= Christian Witness Ministries =

Non-denominational church affiliation

Christian Witness Ministries (CWM) is a non-denominational church affiliation founded by the former National General Secretary of the Assemblies of God in Australia 1989–1992, Philip Powell. CWM publishes a quarterly magazine, Contending Earnestly for The Faith (CETF), of which Philip Powell is the editor (B. Michael Bigg assistant editor) and to which a number of authors from different backgrounds contribute, including Dave Hunt (Christian apologist), Bill Randles, Mike Gendron, Aeron Morgan, Jeffrey Whittaker, Mark Mullins, Roger Winter-Smith, and Larry DeBruyn. CWM also runs a bookshop and conducts Bible conferences and ministry tours featuring the above speakers plus Justin Peters and Peter Stokes. CWM is a watchman discernment ministry.

==History==
Philip Powell left the Australian Assemblies of God in 1992, believing that the church was preaching false doctrines and supporting false prophets and teachers. After his departure from the AOG, Powell became associated with others, who have come to similar conclusions. Philip with his wife, Kathleen launched Christian Witness Ministries in 1994, and began to publish a quarterly magazine entitled Contending EARNESTLY for THE Faith (CETF) out of Hamilton, New Zealand. There are now clearing offices in Australia and the UK as well as in New Zealand. The magazine is now published from Brisbane, Australia.

==Ministry==

Christian Witness Ministries is committed to spreading the Bible based Gospel (Good News) of Jesus Christ and to maintaining "the faith which was once [for all] delivered unto the saints" - Jude 3. With this mission in mind CWM, fearlessly identifies the teachers in the church who spread aberrant non-biblical teaching, their false works and utterances, that abound in our time. They believe in the present day reality of the Holy Spirit and His work in and through the believer in the fruit and the gifts.

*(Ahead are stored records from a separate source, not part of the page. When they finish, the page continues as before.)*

lemma zero_notin_int_in:
  fixes K :: "'a::real_normed_vector set"
  assumes W: "subspace W" and K: "proper_cone_in W K" and v: "v \<in> W" "v \<noteq> 0"
  shows "0 \<notin> int_in W K \<union> int_in W (uminus ` K)"
proof -
  have "0 \<notin> int_in W K"
  proof
    assume "0 \<in> int_in W K"
    then obtain e where e: "e > 0" "\<And>y. y \<in> W \<Longrightarrow> dist y 0 < e \<Longrightarrow> y \<in> K" unfolding int_in_def by blast
    define y where "y = (e / (2 * norm v)) *\<^sub>R v"
    have "norm y = e / 2" using v e by (simp add: y_def)
    moreover have "y \<in> W" using v W by (simp add: y_def subspace_scale)
    ultimately have "y \<in> K" "- y \<in> K" using e W by (auto simp: subspace_neg)
    then have "y \<in> K \<inter> uminus ` K" by (metis IntI image_eqI minus_minus)
    then have "y = 0" using K unfolding proper_cone_in_def by blast
    then show False using \<open>norm y = e / 2\<close> e(1) by simp
  qed
  then show ?thesis by (simp add: int_in_uminus_image[OF W] image_iff)
qed

lemma zero_notin_int_in_ext_space:
  fixes K :: "(real^('n::finite set)) set"
  assumes "proper_cone_in (ext_space j) K" "j \<le> CARD('n)"
  shows "0 \<notin> int_in (ext_space j) K \<union> int_in (ext_space j) (uminus ` K)"
proof -
  obtain I :: "'n set" where "card I = j" using obtain_subset_with_card_n[of j "UNIV :: 'n set"] assms(2) by auto
  then have "axis I 1 \<in> ext_space j" by (simp add: ext_space_def axis_def)
  then show ?thesis using zero_notin_int_in[OF subspace_ext_space assms(1)] by (simp add: axis_eq_0_iff)
qed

CWM is biblical in basis, Evangelical in emphasis, and Evangelistic in purpose. They endeavour to follow Paul the Apostle's example in preaching the good news of Christ to both Jews & Gentiles.

CWM is therefore both a teaching and a warning ministry. They endeavour to keep a balance, in line with the Bible on both aspects, in the spoken and written word. They refuse to entertain doctrinally or morally suspect teachings and teachers and have no desire or intention to establish a hierarchical denomination or movement. They do however recognise all who are sound in their teaching about Jesus Christ and His Gospel, as fellow believers — those who the New Testament calls "saints".

With these things in mind CWM recognises a group of voluntary networking churches and fellowships without reference to Christian denomination. CWM has a Statement of Faith and Mission.

CWM has made a stand against Australian Assemblies of God pastor Frank Houston, the father of Hillsong Church's Brian Houston. CWM is also a major critic of Hillsong Church. CWM is mentioned in Tanya Levin's controversial book about Hillsong, People in Glass Houses.